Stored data
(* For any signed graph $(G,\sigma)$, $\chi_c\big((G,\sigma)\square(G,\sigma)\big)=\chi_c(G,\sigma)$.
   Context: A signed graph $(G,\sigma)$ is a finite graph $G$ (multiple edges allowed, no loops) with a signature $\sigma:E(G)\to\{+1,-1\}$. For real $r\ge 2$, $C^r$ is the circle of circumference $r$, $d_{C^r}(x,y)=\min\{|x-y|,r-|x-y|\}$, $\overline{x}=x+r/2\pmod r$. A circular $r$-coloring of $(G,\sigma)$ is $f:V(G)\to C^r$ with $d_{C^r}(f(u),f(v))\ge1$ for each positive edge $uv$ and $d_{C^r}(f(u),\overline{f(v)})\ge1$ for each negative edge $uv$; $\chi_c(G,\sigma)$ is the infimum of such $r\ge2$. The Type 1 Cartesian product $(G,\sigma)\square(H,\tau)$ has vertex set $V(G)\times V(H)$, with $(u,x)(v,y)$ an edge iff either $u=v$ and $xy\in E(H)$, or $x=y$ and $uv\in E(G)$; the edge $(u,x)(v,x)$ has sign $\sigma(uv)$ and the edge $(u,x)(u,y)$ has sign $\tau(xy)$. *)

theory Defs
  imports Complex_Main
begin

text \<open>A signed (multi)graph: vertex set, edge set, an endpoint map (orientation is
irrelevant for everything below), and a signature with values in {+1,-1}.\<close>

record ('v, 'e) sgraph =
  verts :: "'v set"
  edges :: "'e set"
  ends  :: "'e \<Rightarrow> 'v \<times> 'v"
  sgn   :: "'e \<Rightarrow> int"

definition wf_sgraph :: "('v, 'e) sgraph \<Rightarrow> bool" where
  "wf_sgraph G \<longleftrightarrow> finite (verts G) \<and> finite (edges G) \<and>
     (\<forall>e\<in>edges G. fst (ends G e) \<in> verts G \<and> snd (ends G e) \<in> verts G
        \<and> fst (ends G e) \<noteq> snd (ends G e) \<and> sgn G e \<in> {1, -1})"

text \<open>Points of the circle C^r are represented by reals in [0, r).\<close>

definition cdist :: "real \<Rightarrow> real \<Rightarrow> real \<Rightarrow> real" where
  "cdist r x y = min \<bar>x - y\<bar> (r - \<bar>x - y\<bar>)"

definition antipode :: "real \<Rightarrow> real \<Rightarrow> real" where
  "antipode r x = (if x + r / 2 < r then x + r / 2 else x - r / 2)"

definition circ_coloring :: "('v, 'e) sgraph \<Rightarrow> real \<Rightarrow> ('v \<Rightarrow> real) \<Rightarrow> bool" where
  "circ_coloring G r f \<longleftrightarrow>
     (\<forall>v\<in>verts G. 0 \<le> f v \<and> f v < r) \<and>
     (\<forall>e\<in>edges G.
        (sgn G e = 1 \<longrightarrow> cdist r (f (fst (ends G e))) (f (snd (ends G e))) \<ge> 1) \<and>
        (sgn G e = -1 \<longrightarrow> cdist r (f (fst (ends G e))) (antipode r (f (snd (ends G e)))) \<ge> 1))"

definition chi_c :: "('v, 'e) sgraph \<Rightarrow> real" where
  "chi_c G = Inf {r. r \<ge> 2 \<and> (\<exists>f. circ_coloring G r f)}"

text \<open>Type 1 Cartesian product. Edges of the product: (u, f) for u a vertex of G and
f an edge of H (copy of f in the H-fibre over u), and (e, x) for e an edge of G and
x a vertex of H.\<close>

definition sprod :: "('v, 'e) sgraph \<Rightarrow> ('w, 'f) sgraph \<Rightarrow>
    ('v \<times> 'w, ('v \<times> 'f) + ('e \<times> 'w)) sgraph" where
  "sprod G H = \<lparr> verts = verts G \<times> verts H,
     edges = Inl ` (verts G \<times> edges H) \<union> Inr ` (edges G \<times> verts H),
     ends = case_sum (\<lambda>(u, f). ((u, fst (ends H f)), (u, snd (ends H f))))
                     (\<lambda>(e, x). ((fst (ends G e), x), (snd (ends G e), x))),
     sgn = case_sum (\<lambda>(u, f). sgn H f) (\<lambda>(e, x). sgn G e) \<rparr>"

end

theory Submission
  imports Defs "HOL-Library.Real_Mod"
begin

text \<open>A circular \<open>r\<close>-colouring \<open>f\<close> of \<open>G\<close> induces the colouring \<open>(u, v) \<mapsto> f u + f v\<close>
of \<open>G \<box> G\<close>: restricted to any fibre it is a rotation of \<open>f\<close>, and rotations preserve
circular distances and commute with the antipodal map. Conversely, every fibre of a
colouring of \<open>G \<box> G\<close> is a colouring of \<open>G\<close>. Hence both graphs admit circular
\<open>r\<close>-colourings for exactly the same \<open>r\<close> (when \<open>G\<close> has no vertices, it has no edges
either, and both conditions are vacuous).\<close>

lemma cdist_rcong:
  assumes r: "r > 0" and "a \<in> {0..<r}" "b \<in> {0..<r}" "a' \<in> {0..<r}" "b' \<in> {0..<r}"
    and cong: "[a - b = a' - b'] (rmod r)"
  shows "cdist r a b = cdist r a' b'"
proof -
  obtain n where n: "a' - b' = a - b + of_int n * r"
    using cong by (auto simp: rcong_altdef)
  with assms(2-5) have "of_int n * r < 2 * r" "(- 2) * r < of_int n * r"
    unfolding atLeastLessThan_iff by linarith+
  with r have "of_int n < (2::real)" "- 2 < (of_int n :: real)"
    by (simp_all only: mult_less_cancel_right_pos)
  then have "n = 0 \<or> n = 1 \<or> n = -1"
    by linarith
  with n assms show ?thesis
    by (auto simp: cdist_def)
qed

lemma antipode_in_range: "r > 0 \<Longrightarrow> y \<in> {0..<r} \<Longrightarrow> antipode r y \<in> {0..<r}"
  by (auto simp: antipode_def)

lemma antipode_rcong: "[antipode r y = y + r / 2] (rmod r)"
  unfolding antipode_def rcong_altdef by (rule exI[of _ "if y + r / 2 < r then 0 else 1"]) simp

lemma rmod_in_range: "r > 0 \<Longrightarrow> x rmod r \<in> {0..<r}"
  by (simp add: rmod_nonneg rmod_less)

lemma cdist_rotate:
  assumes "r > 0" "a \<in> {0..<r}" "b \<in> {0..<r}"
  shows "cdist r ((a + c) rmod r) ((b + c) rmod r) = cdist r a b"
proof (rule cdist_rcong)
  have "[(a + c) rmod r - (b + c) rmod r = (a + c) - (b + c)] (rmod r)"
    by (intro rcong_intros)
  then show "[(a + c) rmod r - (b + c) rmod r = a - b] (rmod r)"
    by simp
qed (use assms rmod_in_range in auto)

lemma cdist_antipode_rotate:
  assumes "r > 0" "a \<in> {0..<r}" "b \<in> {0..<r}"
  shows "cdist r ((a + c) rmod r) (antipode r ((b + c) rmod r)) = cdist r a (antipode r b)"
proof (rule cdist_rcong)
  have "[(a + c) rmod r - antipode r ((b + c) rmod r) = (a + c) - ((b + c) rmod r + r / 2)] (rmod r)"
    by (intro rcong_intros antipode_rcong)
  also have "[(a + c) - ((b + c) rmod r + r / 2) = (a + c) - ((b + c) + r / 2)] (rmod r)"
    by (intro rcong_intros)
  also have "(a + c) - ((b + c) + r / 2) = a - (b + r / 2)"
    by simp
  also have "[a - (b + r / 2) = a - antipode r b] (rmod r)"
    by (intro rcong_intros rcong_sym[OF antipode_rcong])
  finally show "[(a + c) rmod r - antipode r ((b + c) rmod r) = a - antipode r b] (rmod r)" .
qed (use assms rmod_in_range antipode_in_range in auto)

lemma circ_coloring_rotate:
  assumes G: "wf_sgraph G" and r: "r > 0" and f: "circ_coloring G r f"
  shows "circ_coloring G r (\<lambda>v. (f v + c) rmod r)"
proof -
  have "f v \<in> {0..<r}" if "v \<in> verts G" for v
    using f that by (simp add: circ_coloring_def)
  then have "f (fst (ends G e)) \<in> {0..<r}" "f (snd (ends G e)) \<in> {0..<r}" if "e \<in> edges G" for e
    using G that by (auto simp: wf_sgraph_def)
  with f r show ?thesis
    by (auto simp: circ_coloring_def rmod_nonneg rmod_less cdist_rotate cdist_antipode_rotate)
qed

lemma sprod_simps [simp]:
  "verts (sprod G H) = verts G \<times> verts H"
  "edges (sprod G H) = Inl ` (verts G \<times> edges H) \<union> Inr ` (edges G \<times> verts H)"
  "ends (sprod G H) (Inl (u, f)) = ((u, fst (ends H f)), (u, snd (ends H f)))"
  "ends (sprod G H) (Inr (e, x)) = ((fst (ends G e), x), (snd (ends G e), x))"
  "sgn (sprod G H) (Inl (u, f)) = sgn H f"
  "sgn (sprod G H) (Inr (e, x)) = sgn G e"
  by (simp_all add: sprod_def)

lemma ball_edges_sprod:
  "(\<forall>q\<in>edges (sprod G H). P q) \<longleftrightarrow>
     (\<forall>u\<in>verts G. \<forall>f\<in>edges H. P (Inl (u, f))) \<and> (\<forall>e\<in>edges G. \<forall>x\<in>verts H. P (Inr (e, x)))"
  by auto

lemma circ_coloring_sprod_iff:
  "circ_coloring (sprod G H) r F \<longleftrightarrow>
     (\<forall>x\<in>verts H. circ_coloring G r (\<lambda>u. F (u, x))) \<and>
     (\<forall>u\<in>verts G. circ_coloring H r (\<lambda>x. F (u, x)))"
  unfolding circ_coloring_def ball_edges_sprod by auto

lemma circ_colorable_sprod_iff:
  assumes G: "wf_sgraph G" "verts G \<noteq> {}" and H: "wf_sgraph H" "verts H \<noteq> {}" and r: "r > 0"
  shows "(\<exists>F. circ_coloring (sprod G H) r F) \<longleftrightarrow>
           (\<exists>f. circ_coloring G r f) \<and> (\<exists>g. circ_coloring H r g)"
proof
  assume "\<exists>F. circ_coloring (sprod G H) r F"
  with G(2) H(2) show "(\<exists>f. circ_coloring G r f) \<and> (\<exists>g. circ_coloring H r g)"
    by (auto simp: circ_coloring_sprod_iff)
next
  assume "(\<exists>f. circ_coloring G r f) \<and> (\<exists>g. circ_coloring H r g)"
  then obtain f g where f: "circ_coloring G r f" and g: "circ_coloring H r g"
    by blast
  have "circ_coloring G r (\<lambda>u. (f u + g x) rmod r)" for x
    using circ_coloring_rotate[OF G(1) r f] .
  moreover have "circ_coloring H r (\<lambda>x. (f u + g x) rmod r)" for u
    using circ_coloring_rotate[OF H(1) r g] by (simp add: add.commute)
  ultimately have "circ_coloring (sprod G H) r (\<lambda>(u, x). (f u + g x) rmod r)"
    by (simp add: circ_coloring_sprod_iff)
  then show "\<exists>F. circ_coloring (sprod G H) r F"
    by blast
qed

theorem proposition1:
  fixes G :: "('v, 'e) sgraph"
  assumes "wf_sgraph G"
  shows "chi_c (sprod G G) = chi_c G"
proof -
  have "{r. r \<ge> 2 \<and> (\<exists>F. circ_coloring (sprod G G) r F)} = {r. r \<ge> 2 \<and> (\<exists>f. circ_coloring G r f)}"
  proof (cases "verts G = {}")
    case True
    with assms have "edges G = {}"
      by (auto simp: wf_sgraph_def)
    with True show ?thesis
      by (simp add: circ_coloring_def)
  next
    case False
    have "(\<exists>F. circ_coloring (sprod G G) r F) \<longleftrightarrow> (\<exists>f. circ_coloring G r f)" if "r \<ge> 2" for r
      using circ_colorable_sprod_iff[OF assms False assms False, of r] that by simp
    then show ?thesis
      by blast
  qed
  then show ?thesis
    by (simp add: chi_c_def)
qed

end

==

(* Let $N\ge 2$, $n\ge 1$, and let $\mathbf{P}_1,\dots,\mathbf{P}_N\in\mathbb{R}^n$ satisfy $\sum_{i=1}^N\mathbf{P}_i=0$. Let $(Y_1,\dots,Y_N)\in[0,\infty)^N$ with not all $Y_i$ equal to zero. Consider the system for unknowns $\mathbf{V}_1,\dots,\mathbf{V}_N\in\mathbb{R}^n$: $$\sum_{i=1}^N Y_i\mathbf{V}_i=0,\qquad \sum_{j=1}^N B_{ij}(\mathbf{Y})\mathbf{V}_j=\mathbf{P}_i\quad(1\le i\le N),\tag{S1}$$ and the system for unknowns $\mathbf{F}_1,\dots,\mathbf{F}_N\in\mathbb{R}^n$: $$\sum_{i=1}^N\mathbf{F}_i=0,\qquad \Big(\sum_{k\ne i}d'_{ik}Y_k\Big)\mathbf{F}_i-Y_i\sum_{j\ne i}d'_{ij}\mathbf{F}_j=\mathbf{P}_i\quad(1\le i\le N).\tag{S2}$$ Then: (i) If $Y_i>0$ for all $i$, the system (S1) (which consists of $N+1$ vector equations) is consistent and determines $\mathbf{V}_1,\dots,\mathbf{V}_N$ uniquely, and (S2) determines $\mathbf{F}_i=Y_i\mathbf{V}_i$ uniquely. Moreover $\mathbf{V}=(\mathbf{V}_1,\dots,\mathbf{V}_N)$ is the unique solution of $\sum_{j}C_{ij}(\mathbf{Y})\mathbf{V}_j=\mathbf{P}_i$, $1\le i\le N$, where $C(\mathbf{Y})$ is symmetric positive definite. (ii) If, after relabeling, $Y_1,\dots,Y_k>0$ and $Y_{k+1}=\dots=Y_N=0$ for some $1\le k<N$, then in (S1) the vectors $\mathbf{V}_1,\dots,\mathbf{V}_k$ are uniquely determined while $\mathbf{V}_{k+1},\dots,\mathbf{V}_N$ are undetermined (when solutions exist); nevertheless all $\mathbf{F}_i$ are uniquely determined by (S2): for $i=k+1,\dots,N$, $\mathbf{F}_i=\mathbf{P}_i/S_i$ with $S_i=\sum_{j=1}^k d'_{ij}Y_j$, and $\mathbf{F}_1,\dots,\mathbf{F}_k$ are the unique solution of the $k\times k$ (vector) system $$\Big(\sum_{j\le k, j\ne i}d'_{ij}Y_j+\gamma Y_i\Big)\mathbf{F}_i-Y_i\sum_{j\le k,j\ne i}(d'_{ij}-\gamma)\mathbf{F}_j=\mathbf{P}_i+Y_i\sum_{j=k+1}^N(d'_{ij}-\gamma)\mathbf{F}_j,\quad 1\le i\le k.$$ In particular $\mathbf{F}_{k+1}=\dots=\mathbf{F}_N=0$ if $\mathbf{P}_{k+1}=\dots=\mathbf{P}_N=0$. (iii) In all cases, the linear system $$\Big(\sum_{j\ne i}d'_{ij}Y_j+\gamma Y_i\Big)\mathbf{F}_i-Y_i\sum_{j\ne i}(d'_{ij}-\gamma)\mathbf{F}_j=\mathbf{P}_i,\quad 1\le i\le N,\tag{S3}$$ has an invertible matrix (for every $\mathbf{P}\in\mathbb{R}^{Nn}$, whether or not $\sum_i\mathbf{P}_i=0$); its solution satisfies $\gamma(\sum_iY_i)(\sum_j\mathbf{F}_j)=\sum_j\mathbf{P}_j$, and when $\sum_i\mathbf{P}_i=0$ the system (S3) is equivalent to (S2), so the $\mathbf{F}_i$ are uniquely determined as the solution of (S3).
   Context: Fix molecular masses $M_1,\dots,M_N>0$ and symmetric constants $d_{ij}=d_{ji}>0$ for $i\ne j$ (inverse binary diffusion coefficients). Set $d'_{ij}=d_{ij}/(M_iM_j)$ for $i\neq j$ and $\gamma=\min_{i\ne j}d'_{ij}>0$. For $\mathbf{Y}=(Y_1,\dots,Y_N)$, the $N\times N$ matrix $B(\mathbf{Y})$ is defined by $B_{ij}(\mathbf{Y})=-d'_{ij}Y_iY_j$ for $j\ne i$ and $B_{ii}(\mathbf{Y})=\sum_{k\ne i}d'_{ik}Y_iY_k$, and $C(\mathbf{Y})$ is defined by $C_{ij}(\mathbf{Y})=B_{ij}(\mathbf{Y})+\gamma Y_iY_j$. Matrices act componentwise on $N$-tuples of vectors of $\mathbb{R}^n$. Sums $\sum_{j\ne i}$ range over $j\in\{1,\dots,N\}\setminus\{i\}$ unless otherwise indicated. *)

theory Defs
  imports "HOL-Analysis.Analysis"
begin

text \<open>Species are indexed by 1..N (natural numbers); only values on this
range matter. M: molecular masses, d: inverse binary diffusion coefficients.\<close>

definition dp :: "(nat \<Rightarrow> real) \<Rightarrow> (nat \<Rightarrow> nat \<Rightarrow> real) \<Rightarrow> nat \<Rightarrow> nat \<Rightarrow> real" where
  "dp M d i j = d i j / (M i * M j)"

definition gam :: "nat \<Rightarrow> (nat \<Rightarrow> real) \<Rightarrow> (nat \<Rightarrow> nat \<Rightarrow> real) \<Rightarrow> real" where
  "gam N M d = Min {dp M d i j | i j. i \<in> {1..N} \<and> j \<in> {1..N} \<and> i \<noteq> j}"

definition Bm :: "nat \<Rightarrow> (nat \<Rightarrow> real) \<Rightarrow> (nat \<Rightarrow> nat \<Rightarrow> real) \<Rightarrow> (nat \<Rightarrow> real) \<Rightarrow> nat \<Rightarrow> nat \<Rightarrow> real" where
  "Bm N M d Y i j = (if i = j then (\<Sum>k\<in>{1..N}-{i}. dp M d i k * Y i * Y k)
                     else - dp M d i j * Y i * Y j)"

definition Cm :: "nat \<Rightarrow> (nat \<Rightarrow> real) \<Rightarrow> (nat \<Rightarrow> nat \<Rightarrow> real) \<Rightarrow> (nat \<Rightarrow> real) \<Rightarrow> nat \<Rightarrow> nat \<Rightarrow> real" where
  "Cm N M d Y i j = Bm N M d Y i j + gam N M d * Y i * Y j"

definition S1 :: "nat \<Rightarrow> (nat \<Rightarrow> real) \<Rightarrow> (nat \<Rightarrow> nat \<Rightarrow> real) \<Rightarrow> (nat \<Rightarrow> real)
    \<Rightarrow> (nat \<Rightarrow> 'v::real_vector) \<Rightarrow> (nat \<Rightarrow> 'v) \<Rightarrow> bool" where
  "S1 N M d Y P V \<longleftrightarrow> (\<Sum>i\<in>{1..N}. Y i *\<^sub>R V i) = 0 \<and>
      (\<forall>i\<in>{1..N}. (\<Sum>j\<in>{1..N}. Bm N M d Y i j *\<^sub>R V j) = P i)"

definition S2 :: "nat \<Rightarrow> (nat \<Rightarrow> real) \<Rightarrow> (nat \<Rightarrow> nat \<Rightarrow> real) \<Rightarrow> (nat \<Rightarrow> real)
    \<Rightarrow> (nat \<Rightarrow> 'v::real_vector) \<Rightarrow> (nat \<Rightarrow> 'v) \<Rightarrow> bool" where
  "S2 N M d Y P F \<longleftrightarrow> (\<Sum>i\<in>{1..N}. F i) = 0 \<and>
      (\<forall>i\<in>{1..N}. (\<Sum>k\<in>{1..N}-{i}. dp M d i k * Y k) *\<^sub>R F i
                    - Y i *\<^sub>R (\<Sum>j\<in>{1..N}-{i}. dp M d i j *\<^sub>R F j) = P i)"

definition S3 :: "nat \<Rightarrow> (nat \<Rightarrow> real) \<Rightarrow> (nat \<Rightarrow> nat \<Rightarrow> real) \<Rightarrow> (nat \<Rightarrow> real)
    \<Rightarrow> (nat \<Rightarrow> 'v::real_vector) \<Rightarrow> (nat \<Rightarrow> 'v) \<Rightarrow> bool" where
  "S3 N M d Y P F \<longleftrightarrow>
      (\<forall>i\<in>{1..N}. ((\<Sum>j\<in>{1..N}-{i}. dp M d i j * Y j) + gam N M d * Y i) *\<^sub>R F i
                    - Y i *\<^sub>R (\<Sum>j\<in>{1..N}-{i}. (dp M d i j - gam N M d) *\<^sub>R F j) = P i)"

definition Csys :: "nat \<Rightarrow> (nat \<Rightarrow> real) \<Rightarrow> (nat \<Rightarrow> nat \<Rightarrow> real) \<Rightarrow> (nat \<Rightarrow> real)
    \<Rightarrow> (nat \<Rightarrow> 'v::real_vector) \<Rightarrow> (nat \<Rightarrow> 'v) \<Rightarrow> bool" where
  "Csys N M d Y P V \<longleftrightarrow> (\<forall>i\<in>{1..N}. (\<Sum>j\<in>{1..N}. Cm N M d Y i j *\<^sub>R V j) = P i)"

[What to work on] Look back at the entries above and repeat, unchanged, every line from the line holding "a b = cdist" through the line holding "by (auto simp: antipode_def)".

[Solution]
  shows "cdist r a b = cdist r a' b'"
proof -
  obtain n where n: "a' - b' = a - b + of_int n * r"
    using cong by (auto simp: rcong_altdef)
  with assms(2-5) have "of_int n * r < 2 * r" "(- 2) * r < of_int n * r"
    unfolding atLeastLessThan_iff by linarith+
  with r have "of_int n < (2::real)" "- 2 < (of_int n :: real)"
    by (simp_all only: mult_less_cancel_right_pos)
  then have "n = 0 \<or> n = 1 \<or> n = -1"
    by linarith
  with n assms show ?thesis
    by (auto simp: cdist_def)
qed

lemma antipode_in_range: "r > 0 \<Longrightarrow> y \<in> {0..<r} \<Longrightarrow> antipode r y \<in> {0..<r}"
  by (auto simp: antipode_def)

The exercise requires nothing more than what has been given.